Additional information

Skin irritation/corrosion:

The test substance was analysed for its potential to induce skin irritation equivalent or similar to OECD guideline 404 under non-GLP conditions . Therefore, six Vienna white rabbits (4 females, 2 males) were treated for 4 hrs with 0.5 mL of the test item and animals observed for up to 8 days. The erythema score was calculated (based on the 24, 48 and 72 hrs time points) as 0.8 with lesions being fully reversible within 8 days; no edema was observed in 6 animals after 4-h semiocclusive exposure.
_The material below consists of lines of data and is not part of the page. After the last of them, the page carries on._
lemma card_consecutive_pairs_ge_3:
  assumes dist: "distinct xs" and len: "3 \<le> length xs"
    and ab: "a mod length xs \<noteq> b mod length xs"
  shows "3 \<le> card {cyclic_nth xs a, cyclic_nth xs (Suc a), cyclic_nth xs b, cyclic_nth xs (Suc b)}"
proof -
  let ?m = "length xs"
  have ne: "xs \<noteq> []" using len by auto
  note cyclic_eq = cyclic_nth_eq_iff[OF dist ne]
  show ?thesis
  proof (cases "Suc a mod ?m = b mod ?m")
    case True
    then have "Suc b mod ?m \<noteq> a mod ?m"
      using Suc_Suc_mod_neq_self[OF len] Suc_mod_eq_Suc_mod_iff by metis
    moreover have "Suc b mod ?m \<noteq> b mod ?m" using Suc_mod_neq_self len by simp
    ultimately show ?thesis
      using ab
      by (intro card_ge_3_if_three_distinct[of _ "cyclic_nth xs a" "cyclic_nth xs b"
          "cyclic_nth xs (Suc b)"]) (auto simp: cyclic_eq)
  next
    case False
    moreover have "Suc a mod ?m \<noteq> a mod ?m" using Suc_mod_neq_self len by simp
    ultimately show ?thesis
      using ab
      by (intro card_ge_3_if_three_distinct[of _ "cyclic_nth xs a" "cyclic_nth xs (Suc a)"
          "cyclic_nth xs b"]) (auto simp: cyclic_eq)
  qed
qed

section \<open>Closed trails in subcubic graphs\<close>

lemma simple_graph_card_edge: "simple_graph V E \<Longrightarrow> e \<in> E \<Longrightarrow> card e = 2"
  by (auto simp: simple_graph_def)

lemma simple_graph_edge_subset: "simple_graph V E \<Longrightarrow> e \<in> E \<Longrightarrow> e \<subseteq> V"
  by (force simp: simple_graph_def)

lemma simple_graph_finite_edges:
  assumes "simple_graph V E" shows "finite E"
proof (rule finite_subset)
  show "E \<subseteq> Pow V" using simple_graph_edge_subset[OF assms] by blast
  show "finite (Pow V)" using assms by (simp add: simple_graph_def)
qed

lemma is_cycle_if_periodic_vertices:
  assumes len: "3 \<le> length es" and sub: "set es \<subseteq> E" and in_V: "\<And>j. u j \<in> V"
    and u_eq_iff: "\<And>a b. u a = u b \<longleftrightarrow> a mod length es = b mod length es"
    and edge_eq: "\<And>j. cyclic_nth es (Suc j) = {u j, u (Suc j)}"
  shows "is_cycle V E es"
proof -
  define m where "m = length es"
  define p where "p = m - 1"
  have m_Suc: "m = Suc p" using len by (simp add: m_def p_def)
  have u_mod: "u (j mod m) = u j" for j using u_eq_iff by (simp add: m_def)
  \<comment> \<open>Edge \<open>j\<close> joins \<open>u (j - 1)\<close> and \<open>u j\<close> (indices mod \<open>m\<close>); writing \<open>j - 1\<close> as
    \<open>j + p\<close> avoids truncated subtraction.\<close>
  define vs where "vs = map (\<lambda>j. u (j + p)) [0..<m]"
  have vs_cyclic: "cyclic_nth vs j = u (j + p)" for j
  proof -
    have "cyclic_nth vs j = u (j mod m + p)"
      using m_Suc by (simp add: cyclic_nth_def vs_def del: upt_Suc)
    also have "\<dots> = u ((j + p) mod m)" by (metis u_mod mod_add_left_eq)
    finally show ?thesis by (simp add: u_mod)
  qed
  have "es ! j = {vs ! j, vs ! ((j + 1) mod m)}" if "j < m" for j
  proof -
    have "Suc (j + p) mod m = j" using that m_Suc by (metis add_Suc_right mod_add_self2 mod_less)
    then have "es ! j = cyclic_nth es (Suc (j + p))" by (simp add: cyclic_nth_def m_def)
    also have "\<dots> = {cyclic_nth vs j, cyclic_nth vs (Suc j)}" using edge_eq vs_cyclic by simp
    finally show ?thesis using that by (simp add: cyclic_nth_def vs_def)
  qed
  moreover have "distinct vs"
    by (auto simp: vs_def distinct_map inj_on_def u_eq_iff add_mod_eq_add_mod_iff m_def)
  moreover have "set vs \<subseteq> V" using in_V by (auto simp: vs_def)
  moreover have "length vs = m" by (simp add: vs_def)
  ultimately show ?thesis
    using len sub unfolding is_cycle_def m_def by blast
qed

lemma closed_trail_is_cycle_if_subcubic:
  assumes sg: "simple_graph V E" and subcubic: "\<forall>v\<in>V. card {e \<in> E. v \<in> e} \<le> 3"
    and len: "length es \<ge> 3" and dist: "distinct es" and sub: "set es \<subseteq> E"
    and meet: "\<And>j. cyclic_nth es j \<inter> cyclic_nth es (Suc j) \<noteq> {}"
    and no_claw:
      "\<And>j. cyclic_nth es j \<inter> cyclic_nth es (Suc j) \<inter> cyclic_nth es (Suc (Suc j)) = {}"
  shows "is_cycle V E es"
proof -
  define m where "m = length es"
  have ne: "es \<noteq> []" using len by auto
  have edge: "cyclic_nth es j \<in> E" for j using cyclic_nth_in_set[OF ne] sub by blast
  have card_edge: "card (cyclic_nth es j) = 2" for j using simple_graph_card_edge[OF sg edge] .
  have es_eq_iff: "cyclic_nth es a = cyclic_nth es b \<longleftrightarrow> a mod m = b mod m" for a b
    using cyclic_nth_eq_iff[OF dist ne] m_def by simp
  define u where "u j = the_elem (cyclic_nth es j \<inter> cyclic_nth es (Suc j))" for j
  have u: "cyclic_nth es j \<inter> cyclic_nth es (Suc j) = {u j}" for j
  proof -
    have "cyclic_nth es j \<noteq> cyclic_nth es (Suc j)"
      unfolding es_eq_iff using Suc_mod_neq_self[of m j] len m_def by simp
    then obtain x where "cyclic_nth es j \<inter> cyclic_nth es (Suc j) = {x}"
      using card_2_inter_singleton[OF card_edge card_edge _ meet] by blast
    then show ?thesis by (simp add: u_def)
  qed
  have u_mod: "u (j mod m) = u j" for j
    using cyclic_nth_mod[of es] m_def by (simp add: u_def cyclic_nth_def mod_Suc_eq)
  have u_neq_Suc: "u j \<noteq> u (Suc j)" for j
    using u[of j] u[of "Suc j"] no_claw[of j] by auto
  have u_in_V: "u j \<in> V" for j
    using simple_graph_edge_subset[OF sg edge[of j]] u[of j] by blast
  have u_inj: "a mod m = b mod m" if eq: "u a = u b" for a b
  proof (rule ccontr)
    assume ab: "a mod m \<noteq> b mod m"
    have "Suc a mod m \<noteq> b mod m" "Suc b mod m \<noteq> a mod m"
      using u_mod u_neq_Suc eq by metis+
    then have card_S: "card {cyclic_nth es a, cyclic_nth es (Suc a),
        cyclic_nth es b, cyclic_nth es (Suc b)} = 4" (is "card ?S = 4")
      using ab Suc_mod_neq_self[of m a] Suc_mod_neq_self[of m b]
        Suc_mod_eq_Suc_mod_iff[of a m b] len m_def
      by (auto simp: es_eq_iff)
    have "card ?S \<le> card {e \<in> E. u a \<in> e}"
      using u[of a] u[of b] eq edge simple_graph_finite_edges[OF sg] by (intro card_mono) auto
    also have "\<dots> \<le> 3" using subcubic u_in_V by blast
    finally show False using card_S by simp
  qed
  show ?thesis
  proof (rule is_cycle_if_periodic_vertices[OF len sub u_in_V])
    show "u a = u b \<longleftrightarrow> a mod length es = b mod length es" for a b
      using u_inj u_mod m_def by metis
    show "cyclic_nth es (Suc j) = {u j, u (Suc j)}" for j
      using card_2_eq_doubleton[OF card_edge] u[of j] u[of "Suc j"] u_neq_Suc by blast
  qed
qed

section \<open>Reduced cliques and open components\<close>

lemma doubleton_in_line_edges_iff:
  "{f, g} \<in> line_edges F \<longleftrightarrow> f \<in> F \<and> g \<in> F \<and> f \<noteq> g \<and> f \<inter> g \<noteq> {}"
  by (auto simp: line_edges_def doubleton_eq_iff)

lemma line_edges_card: "x \<in> line_edges F \<Longrightarrow> card x = 2"
  by (auto simp: line_edges_def card_2_iff)

lemma line_edges_subset: "x \<in> line_edges F \<Longrightarrow> x \<subseteq> F"
  by (auto simp: line_edges_def)

lemma open_edge_in_line_edges: "a \<in> open_edges E \<Lambda> \<Longrightarrow> a \<in> line_edges (line_edges E)"
  by (simp add: open_edges_def L2_edges_def)

lemma L2_edge_not_in_triangle:
  assumes "{x, y} \<in> line_edges E" "{y, z} \<in> line_edges E" "{x, z} \<in> line_edges E"
  shows "{{x, y}, {y, z}} \<notin> L2_edges E"
  using assms unfolding L2_edges_def by blast

lemma Gamma_closed:
  assumes "C \<in> Gamma E \<Lambda>" "x \<in> C" "{x, y} \<in> open_edges E \<Lambda>"
  shows "y \<in> C"
proof -
  from assms(1) obtain u where "C = {w. (u, w) \<in> {(x, y). {x, y} \<in> open_edges E \<Lambda>}\<^sup>*}"
    by (auto simp: Gamma_def)
  with assms(2,3) show ?thesis
    by (auto intro: rtrancl_into_rtrancl)
qed

lemma Gamma_three_vertices:
  assumes valid: "valid_labeling E \<Lambda>" and C: "C \<in> Gamma E \<Lambda>"
  shows "\<exists>x\<in>C. \<exists>y\<in>C. \<exists>z\<in>C. x \<noteq> y \<and> x \<noteq> z \<and> y \<noteq> z"
proof -
  from C obtain u a where uC: "u \<in> C" and a: "a \<in> open_edges E \<Lambda>" "u \<in> a"
    by (auto simp: Gamma_def)
  obtain v where v: "v \<noteq> u" "a = {u, v}"
    using card_2_other_element[OF line_edges_card[OF open_edge_in_line_edges[OF a(1)]] a(2)]
    by blast
  have vC: "v \<in> C" using Gamma_closed[OF C uC] a(1) v(2) by simp
  have uv: "u \<in> line_edges E" "v \<in> line_edges E" "u \<inter> v \<noteq> {}"
    using open_edge_in_line_edges[OF a(1)] v by (simp_all add: doubleton_in_line_edges_iff)
  obtain e where e: "e \<in> u" "e \<in> v" using uv(3) by blast
  obtain g where g: "g \<noteq> e" "u = {e, g}"
    using card_2_other_element[OF line_edges_card[OF uv(1)] e(1)] by blast
  have "g \<in> E" using line_edges_subset[OF uv(1)] g(2) by blast
  moreover have "u \<in> clique_verts E g" using uv(1) g(2) by (simp add: clique_verts_def)
  ultimately obtain b where b: "b \<in> clique_edges E g" "u \<in> b" "\<Lambda> b"
    using valid unfolding valid_labeling_def by metis
  have b_open: "b \<in> open_edges E \<Lambda>" using b by (simp add: clique_edges_def open_edges_def)
  obtain h where h: "h \<noteq> u" "b = {u, h}"
    using card_2_other_element[OF line_edges_card[OF open_edge_in_line_edges[OF b_open]] b(2)]
    by blast
  have hC: "h \<in> C" using Gamma_closed[OF C uC] b_open h(2) by simp
  have "g \<in> h" using b(1) h(2) by (auto simp: clique_edges_def clique_verts_def)
  have "h \<noteq> v"
  proof
    assume "h = v"
    then have "v = {e, g}"
      using card_2_eq_doubleton[OF line_edges_card[OF uv(2)]] e(2) \<open>g \<in> h\<close> g(1) by blast
    with g(2) v(1) show False by simp
  qed
  with uC vC hC v(1) h(1) show ?thesis by blast
qed

lemma clique_verts_card_le_4:
  assumes sg: "simple_graph V E" and subcubic: "\<forall>v\<in>V. card {e \<in> E. v \<in> e} \<le> 3"
    and eE: "e \<in> E"
  shows "finite (clique_verts E e)" and "card (clique_verts E e) \<le> 4"
proof -
  obtain u v where uv: "e = {u, v}" "u \<in> V" "v \<in> V"
    using sg eE by (auto simp: simple_graph_def)
  define N where "N w = {g \<in> E. w \<in> g} - {e}" for w
  have fin_N: "finite (N w)" for w using simple_graph_finite_edges[OF sg] by (simp add: N_def)
  have card_N: "card (N w) \<le> 2" if "w \<in> V" "w \<in> e" for w
    using subcubic[rule_format, OF that(1)] that(2) eE simple_graph_finite_edges[OF sg]
    by (simp add: N_def)
  have sub: "clique_verts E e \<subseteq> (\<lambda>g. {e, g}) ` (N u \<union> N v)"
  proof
    fix f assume "f \<in> clique_verts E e"
    then have f: "f \<in> line_edges E" "e \<in> f" by (auto simp: clique_verts_def)
    obtain g where g: "g \<noteq> e" "f = {e, g}"
      using card_2_other_element[OF line_edges_card[OF f(1)] f(2)] by blast
    then have "g \<in> E" "g \<inter> e \<noteq> {}" using f(1) by (auto simp: doubleton_in_line_edges_iff)
    then have "g \<in> N u \<union> N v" using g(1) uv(1) by (auto simp: N_def)
    with g(2) show "f \<in> (\<lambda>g. {e, g}) ` (N u \<union> N v)" by blast
  qed
  show "finite (clique_verts E e)" using finite_subset[OF sub] fin_N by blast
  have "card (clique_verts E e) \<le> card ((\<lambda>g. {e, g}) ` (N u \<union> N v))"
    using sub fin_N by (intro card_mono) auto
  also have "\<dots> \<le> card (N u \<union> N v)" using fin_N by (intro card_image_le) auto
  also have "\<dots> \<le> card (N u) + card (N v)" by (rule card_Un_le)
  also have "\<dots> \<le> 4" using card_N[of u] card_N[of v] uv by simp
  finally show "card (clique_verts E e) \<le> 4" .
qed

lemma self_intersection_if_three_vertices_in_component:
  assumes C: "C \<in> Gamma E \<Lambda>" and fin: "finite (clique_verts E e)"
    and le_4: "card (clique_verts E e) \<le> 4" and ge_3: "3 \<le> card (clique_verts E e \<inter> C)"
  shows "self_intersection E \<Lambda> e C"
  unfolding self_intersection_def
proof (intro ballI impI)
  fix a assume a: "a \<in> clique_edges E e" "\<Lambda> a"
  then have a_open: "a \<in> open_edges E \<Lambda>" and a_sub: "a \<subseteq> clique_verts E e"
    by (auto simp: clique_edges_def open_edges_def)
  have card_a: "card a = 2" using line_edges_card[OF open_edge_in_line_edges[OF a_open]] .
  show "a \<subseteq> C"
  proof (rule ccontr)
    assume "\<not> a \<subseteq> C"
    then have "a \<inter> C = {}"
      using Gamma_closed[OF C] a_open card_2_iff[THEN iffD1, OF card_a]
      by (auto simp: insert_commute)
    then have "card (a \<union> (clique_verts E e \<inter> C)) = card a + card (clique_verts E e \<inter> C)"
      using fin a_sub by (intro card_Un_disjoint) (auto intro: finite_subset)
    moreover have "card (a \<union> (clique_verts E e \<inter> C)) \<le> card (clique_verts E e)"
      using fin a_sub by (intro card_mono) auto
    ultimately show False using card_a ge_3 le_4 by simp
  qed
qed

section \<open>Projected walks\<close>

lemma cyclic_order_length_ge_3:
  assumes "valid_labeling E \<Lambda>" "C \<in> Gamma E \<Lambda>" "cyclic_order E \<Lambda> C fs"
  shows "3 \<le> length fs"
proof -
  have "set fs = C" "distinct fs" using assms(3) by (simp_all add: cyclic_order_def)
  moreover obtain x y z where "{x, y, z} \<subseteq> C" "x \<noteq> y" "x \<noteq> z" "y \<noteq> z"
    using Gamma_three_vertices[OF assms(1,2)] by blast
  ultimately show ?thesis
    using card_ge_3_if_three_distinct[of C x y z] distinct_card[of fs] by auto
qed

lemma cyclic_order_open_edge:
  assumes "cyclic_order E \<Lambda> C fs" "fs \<noteq> []"
  shows "{cyclic_nth fs j, cyclic_nth fs (Suc j)} \<in> open_edges E \<Lambda>"
proof -
  have "j mod length fs < length fs" using assms(2) by simp
  then have "{fs ! (j mod length fs), fs ! (Suc (j mod length fs) mod length fs)}
      \<in> open_edges E \<Lambda>"
    using assms(1) by (simp add: cyclic_order_def)
  then show ?thesis by (simp add: cyclic_nth_def mod_Suc_eq)
qed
This results was consistent with a supporting study showing that the application of 0.5 mL of the test item for 3 min or 1 hr, respectively, did not induce edema and resulted in erythema that was fully reversible within 15 days. Thus, the test item is not irritating.

Eye irritation/corrosion:

The potential of the test substance to induce eye irritants was measured with the means of an in vivo test on rabbits (OECD 405) under non-GLP guidelines. A single dose of 0.1 mL of the liquid test item was introduced into the conjunctival sac of the left eye of 3 Vienna white rabbits (one male, two females). Eyes were closely analysed 1, 24, 48, 72 hrs, 8, 15 and 21 days following administration of the test substance. The following mean score were calculated: cornea score = 1, iris score= 0.8, conjunctivae score = 2.2 and chemosis score = 1.7. Besides the lesions of the iris, all other irritations were not fully reversible within the 21 day observation period.


Effects on eye irritation: highly irritating

Justification for classification or non-classification

Based on the available data, the test substance is not classified with regard to skin irritation according to Directive 67/548/EEC (DSD) and Regulation (EC) No 1272/2008 (CLP), respectively.
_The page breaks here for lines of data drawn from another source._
lemma columns_ok_ring_Ln: "columns_ok n x \<Longrightarrow> columns_ok n (ring n (L n) x)"
  using columns_ok_swap_column[of n x n] by (simp add: ring_eq fun_upd_twist)

text \<open>A lone bell inside the lower row may break the column condition; the companion bell in the
  upper row of the same step repairs it.\<close>
lemma columns_ok_sigma_middle:
  assumes "columns_ok n x" "0 < j" "j < n"
  shows "columns_ok n (ring n (U (j + 1)) (ring n (L j) x))"
  unfolding columns_ok_def
proof
  have succs: "succ n (L j) = L (j + 1)" "succ n (U (j + 1)) = U j" using assms(2,3) by simp_all
  fix c assume c: "c \<in> {1..n}"
  show "ring n (U (j + 1)) (ring n (L j) x) (U c) = None \<or> ring n (U (j + 1)) (ring n (L j) x) (L c) = None"
  proof (cases "c = j \<or> c = j + 1")
    case True
    have "x (U j) = None \<or> x (L j) = None" "x (U (j + 1)) = None \<or> x (L (j + 1)) = None"
      using assms unfolding columns_ok_def by auto
    then show ?thesis using True unfolding ring_def succs Let_def by (auto split: option.splits)
  next
    case False
    then show ?thesis
      using assms c unfolding ring_def succs Let_def columns_ok_def by (auto split: option.splits)
  qed
qed

lemma sigma_in_Omega:
  assumes "1 \<le> n" "j \<le> n" "x \<in> Omega n J"
  shows "sigma n j x \<in> Omega n J"
proof -
  have "support_ok n x" "columns_ok n x" and counts: "\<And>k. card {s. x s = Some k} = mJ n J k"
    using assms(3) by (auto simp: Omega_iff)
  then have "support_ok n (sigma n j x)"
    unfolding sigma_def using assms(1) by (simp add: support_ok_ring)
  moreover have "columns_ok n (sigma n j x)"
  proof -
    consider "j = 0" | "j = n" | "0 < j" "j < n" using assms(2) by linarith
    then show ?thesis
      using assms(1) by cases (simp_all add: sigma_def \<open>columns_ok n x\<close> columns_ok_ring_U1
          columns_ok_ring_Ln columns_ok_sigma_middle del: One_nat_def)
  qed
  moreover have "card {s. sigma n j x s = Some k} = mJ n J k" for k
    by (simp add: sigma_def card_ring_fibre counts)
  ultimately show ?thesis by (simp add: Omega_iff)
qed

definition classes :: "nat \<Rightarrow> nat set \<Rightarrow> nat set" where
  "classes n J = {c. Some c \<in> typemap n J ` {1..n}}"

lemma finite_classes: "finite (classes n J)"
  unfolding classes_def by (rule finite_vimageI[of _ Some, unfolded vimage_def]) auto

lemma Omega_value_in_classes:
  assumes "x \<in> Omega n J" "x s = Some k"
  shows "k \<in> classes n J"
proof -
  have "finite {s. x s = Some k}"
    using assms(1) by (intro finite_subset[OF _ finite_site_ok]) (auto simp: Omega_iff support_ok_def)
  then have "0 < card {s. x s = Some k}"
    using assms(2) card_gt_0_iff by blast
  then have "0 < mJ n J k" using assms(1) by (simp add: Omega_iff)
  then show ?thesis by (auto simp: mJ_def classes_def card_gt_0_iff intro: rev_image_eqI)
qed

lemma finite_Omega: "finite (Omega n J)"
proof -
  let ?D = "{s. site_ok n s}" and ?R = "insert None (Some ` classes n J)"
  have "x s \<in> ?R" if "x \<in> Omega n J" for x s
    using that by (cases "x s") (auto intro: Omega_value_in_classes)
  moreover have "x s = None" if "x \<in> Omega n J" "s \<notin> ?D" for x s
    using that by (auto simp: Omega_iff support_ok_def)
  ultimately have "Omega n J \<subseteq> {x. \<forall>s. (s \<in> ?D \<longrightarrow> x s \<in> ?R) \<and> (s \<notin> ?D \<longrightarrow> x s = None)}"
    by blast
  moreover have "finite {x. \<forall>s. (s \<in> ?D \<longrightarrow> x s \<in> ?R) \<and> (s \<notin> ?D \<longrightarrow> x s = None)}"
    by (intro finite_set_of_finite_funs finite_site_ok) (simp add: finite_classes)
  ultimately show ?thesis by (rule finite_subset)
qed

lemma class_rank_typemap_mono:
  "d1 \<le> d2 \<Longrightarrow> class_rank (typemap n K d1) \<le> class_rank (typemap n K d2)"
  unfolding typemap_def class_rank_def by (auto intro!: card_mono)

text \<open>Original classes identified by \<open>J\<close> stay identified by every \<open>K \<supseteq> J\<close>, because every index
  between them already lies in \<open>J\<close>.\<close>
lemma typemap_eq_superset:
  assumes "1 \<le> d0" "d0 \<le> d" "typemap n J d0 = typemap n J d" "typemap n J d \<noteq> None" "J \<subseteq> K"
  shows "typemap n K d0 = typemap n K d"
proof -
  have same_count: "{j \<in> {1..<d0}. j \<notin> J} = {j \<in> {1..<d}. j \<notin> J}"
  proof (rule card_subset_eq)
    show "card {j \<in> {1..<d0}. j \<notin> J} = card {j \<in> {1..<d}. j \<notin> J}"
      using assms(3,4) by (auto simp: typemap_def split: if_splits)
  qed (use assms(2) in auto)
  have gap: "j \<in> J" if "d0 \<le> j" "j < d" for j
  proof (rule ccontr)
    assume "j \<notin> J"
    then have "j \<in> {j \<in> {1..<d}. j \<notin> J}" using that assms(1) by simp
    then have "j \<in> {j \<in> {1..<d0}. j \<notin> J}" by (simp only: same_count)
    then show False using that(1) by simp
  qed
  have "{j \<in> {1..<d0}. j \<notin> K} = {j \<in> {1..<d}. j \<notin> K}"
    using gap assms(2,5) by auto (meson not_le subsetD)
  moreover have "{d0..n} \<subseteq> K \<longleftrightarrow> {d..n} \<subseteq> K"
    using gap assms(2,5) by (auto simp: subset_iff) (meson not_le)
  ultimately show ?thesis unfolding typemap_def by simp
qed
According to the harmonised classification criteria laid down in Council Directive 67/548/EEC, Annex I (and subsequent adaptations) the test substance should be classified as highly irritating to the eyes and assigned the symbol Xi, the indication of danger "Irritant" and the risk phrase R41: "Risk of serious damage to eyes" applied.

According to Annex VI, Regulation (EC) No 1272/2008, the following harmonised classification and labelling is proposed: category 1, "Danger", H318 "causes serious eye damage".